Responder MUST pause when credits reach zero; resume when more are granted.

### 4.3 Cancel

Initiator sends `{ type:"cancel", stream_id:3 }`. Responder MUST stop emitting `stream_chunk` within 1 frame and reply `{ type:"stream_end", reason:"cancelled" }`. The session stays open for further streams.

### 4.4 Errors

Any side can emit `{ type:"error", error:{ code, message } }` for a stream. Stream is terminated; session unaffected.
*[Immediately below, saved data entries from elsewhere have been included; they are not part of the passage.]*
(* Let $\rho=(r_n)_n$ be an increasing sequence in $[0,1)$ with $r_n\to 1$. For any sequence $(\gamma_k)_k$ of positive real numbers with $\limsup_k\gamma_k^{1/k}\le1$, there exists $f(z)=\sum_{k=0}^\infty a_kz^k$ in $\mathcal{U}_A(\mathbb{D},\rho)$ with $|a_k|\ge\gamma_k$ for every $k$ large enough. In particular, there exist Abel universal functions without Hadamard–Ostrowski gaps.
   Context: $\mathbb{D}$ is the open unit disc, $\mathbb{T}$ the unit circle. For $f\in H(\mathbb{D})$, $f_r(z):=f(rz)$; $\mathcal{U}_A(\mathbb{D},\rho)$ is the set of $f\in H(\mathbb{D})$ such that for every compact $K\subset\mathbb{T}$, $K\neq\mathbb{T}$, and every continuous $\varphi$ on $K$ there is an increasing sequence $(n_k)$ with $\sup_{\zeta\in K}|f_{r_{n_k}}(\zeta)-\varphi(\zeta)|\to0$. Abel universal functions are the elements of $\mathcal{U}_A(\mathbb{D})=\bigcup_\rho\mathcal{U}_A(\mathbb{D},\rho)$. A power series $\sum_k a_kz^k$ with radius of convergence $1$ has Hadamard–Ostrowski gaps if there are sequences $(p_k),(q_k)$ in $\mathbb{N}$ with $1\le p_1<q_1\le p_2<q_2\le\cdots$ and $\inf_k q_k/p_k>1$ such that $\limsup_{k\in I,k\to\infty}|a_k|^{1/k}<1$, where $I=\bigcup_k\{p_k+1,\dots,q_k\}$. *)

theory Defs
  imports "HOL-Analysis.Analysis" "HOL-Library.Liminf_Limsup"
begin

definition admissible_radii :: "(nat \<Rightarrow> real) \<Rightarrow> bool" where
  "admissible_radii r \<longleftrightarrow> incseq r \<and> (\<forall>n. 0 \<le> r n \<and> r n < 1) \<and> r \<longlonglongrightarrow> 1"

definition abel_universal_rho :: "(nat \<Rightarrow> real) \<Rightarrow> (complex \<Rightarrow> complex) \<Rightarrow> bool" where
  "abel_universal_rho r f \<longleftrightarrow> f holomorphic_on ball 0 1 \<and>
     (\<forall>K \<phi>. compact K \<and> K \<subseteq> sphere 0 1 \<and> K \<noteq> sphere 0 1 \<and> continuous_on K \<phi> \<longrightarrow>
        (\<exists>n::nat \<Rightarrow> nat. strict_mono n \<and>
           uniform_limit K (\<lambda>k \<zeta>. f (complex_of_real (r (n k)) * \<zeta>)) \<phi> sequentially))"

definition abel_universal :: "(complex \<Rightarrow> complex) \<Rightarrow> bool" where
  "abel_universal f \<longleftrightarrow> (\<exists>r. admissible_radii r \<and> abel_universal_rho r f)"
lemma cge_cRe_segment:
  fixes A :: "'a::cstar_algebra"
  assumes A: "cge (cRe A) (scaleR \<delta> 1)" and t: "0 \<le> t" "t \<le> 1"
  shows "cge (cRe (scaleR (1 - t) 1 + scaleR t A)) (scaleR (min 1 \<delta>) 1)"
proof -
  define \<mu> where "\<mu> = min 1 \<delta>"
  have "cge (scaleR ((1 - t) * (1 - \<mu>) + t * (\<delta> - \<mu>)) 1 + scaleR t (cRe A - scaleR \<delta> 1)) 0"
    using A t by (intro cge_add cge_scaleR_one cge_scaleR)
      (simp_all add: \<mu>_def cge_iff_nonneg[of "cRe A"])
  moreover have "cRe (scaleR (1 - t) 1 + scaleR t A) = scaleR (1 - t) 1 + scaleR t (cRe A)"
    by (simp only: cRe_add cRe_scaleR cRe_one)
  then have "scaleR ((1 - t) * (1 - \<mu>) + t * (\<delta> - \<mu>)) 1 + scaleR t (cRe A - scaleR \<delta> 1)
      = cRe (scaleR (1 - t) 1 + scaleR t A) - scaleR \<mu> 1"
    by (simp add: algebra_simps scaleR_diff_left scaleR_diff_right)
  ultimately show ?thesis
    unfolding \<mu>_def[symmetric] by (simp add: cge_iff_nonneg[of "cRe _"])
qed

lemma
  fixes A :: "'a::cstar_algebra"
  assumes A: "cge (cRe A) (scaleR \<delta> 1)" "0 < \<delta>" and t: "0 \<le> t" "t \<le> 1"
  shows cinvertible_segment: "cinvertible (scaleR (1 - t) 1 + scaleR t A)"
    and norm_cinv_segment_le: "norm (cinv (scaleR (1 - t) 1 + scaleR t A)) \<le> 1 / min 1 \<delta>"
  using cge_cRe_segment[OF A(1) t] A(2)
  by (simp_all add: cinvertible_accretive norm_cinv_accretive_le)
(* Let $k\ge 1$ and $B=\{p_1,p_1',\dots,p_k,p_k'\}$ be $2k$ distinct vertices. Let $C_B$ be the cycle multi-graph on $B$ with edges $(p_1,p_1'),(p_1',p_2),(p_2,p_2'),\dots,(p_k,p_k'),(p_k',p_1)$, and let $\tilde C_B$ be obtained from $C_B$ by adding a second parallel copy of each edge $(p_i,p_i')$, $i\in[k]$ (so every vertex of $\tilde C_B$ has degree $3$). Let $\tilde E_B$ be a set of $k$ edges with endpoints in $B$ such that every vertex of $B$ is an endpoint of exactly one edge of $\tilde E_B$, and let $H_{(B,\tilde E_B)}$ be the $4$-regular multi-graph obtained from $\tilde C_B$ by adding the edges $\tilde E_B$. Let $G_B$ be the simple graph with vertex set $B$ and edges $\{(p_i,p_i'):i\in[k]\}$. Then for any Eulerian tour $U$ on $H_{(B,\tilde E_B)}$, $\mathcal{A}(U)=G_B$ if and only if $\tilde E_B=\{(p_i,p_i'): i\in[k]\}$.
   Context: A tour is a closed walk without repeated edges; an Eulerian tour on a connected multi-graph $F$ is a tour using every edge of $F$ exactly once. If $F$ is a connected $4$-regular multi-graph on $n$ vertices and $U=x_1e_1x_2\dots x_{2n}e_{2n}x_1$ is an Eulerian tour, its induced double-occurrence word is $m(U)=x_1x_2\cdots x_{2n}$. The alternance graph $\mathcal{A}(U)$ is the simple graph on $V(F)$ in which $u\neq v$ are adjacent iff $u$ and $v$ alternate in $m(U)$, i.e. $m(U)$ has the form $\dots u\dots v\dots u\dots v\dots$ or $\dots v\dots u\dots v\dots u\dots$. *)

theory Defs
  imports Main "HOL-Library.Multiset"
begin

text \<open>Multigraphs without loops are represented by a multiset of their edges,
each edge being a 2-element set of vertices (parallel edges = multiplicity).\<close>

text \<open>Edge multiset of H_(B,E~): vertices p_i = p i, p_i' = q i for i < k (0-based).
Each (p_i,p_i') occurs twice, the cycle edges (p_i',p_(i+1 mod k)) once, plus the matching M.\<close>
definition H_edges :: "nat \<Rightarrow> (nat \<Rightarrow> 'a) \<Rightarrow> (nat \<Rightarrow> 'a) \<Rightarrow> 'a set set \<Rightarrow> 'a set multiset" where
  "H_edges k p q M =
     (\<Sum>i<k. {#{p i, q i}, {p i, q i}, {q i, p (Suc i mod k)}#}) + mset_set M"

definition perfect_matching_on :: "'a set \<Rightarrow> 'a set set \<Rightarrow> bool" where
  "perfect_matching_on B M \<longleftrightarrow>
     (\<forall>e\<in>M. \<exists>u v. e = {u, v} \<and> u \<noteq> v \<and> u \<in> B \<and> v \<in> B) \<and>
     (\<forall>v\<in>B. \<exists>!e. e \<in> M \<and> v \<in> e)"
## 5. Security considerations

- **DID binding via prologue.** Swapping the responder's static key mid-handshake invalidates the prologue hash, causing handshake failure. This is the core defense against MITM.
- **Replay**: the Noise handshake uses fresh ephemeral keys each session; no explicit nonce exchange is needed.
- **Traffic analysis**: not in scope. Message sizes leak; pad if you care.
- **Key rotation**: if a DID Document rotates its Ed25519 key, existing sessions remain valid (session keys are already derived); new sessions use the new key.
- **Session resumption**: not in scope for v0.1. Clients MUST be prepared to re-handshake on reconnect.

## 6. Conformance

A conforming implementation MUST:

- (C1) **Handshake DID-binding**: swap responder's static key mid-handshake → initiator aborts.
- (C2) **Streaming backpressure**: server emits 10 000 chunks, client grants 8 at a time → server blocks after 8 unacked chunks; resumes on credit; all 10 000 delivered in order.
- (C3) **Graceful cancel**: `cancel(stream_id)` causes server to stop within 1 frame; session remains open for further RPCs.
- (C4) **Frame decoding determinism**: identical plaintext `type`+`params` MUST produce identical decoded frames across implementations.

Test vectors live in `conformance/`.

## 7. References

- [Noise Protocol Framework]https://noiseprotocol.org/
- [BOLT-8 (Lightning handshake)]https://github.com/lightning/bolts/blob/master/08-transport.md
- [Ed25519 → X25519 conversion]https://blog.filippo.io/using-ed25519-keys-for-encryption/
- [`agent-id` spec]../agent-id/SPEC.md
- [JSON-RPC 2.0]https://www.jsonrpc.org/specification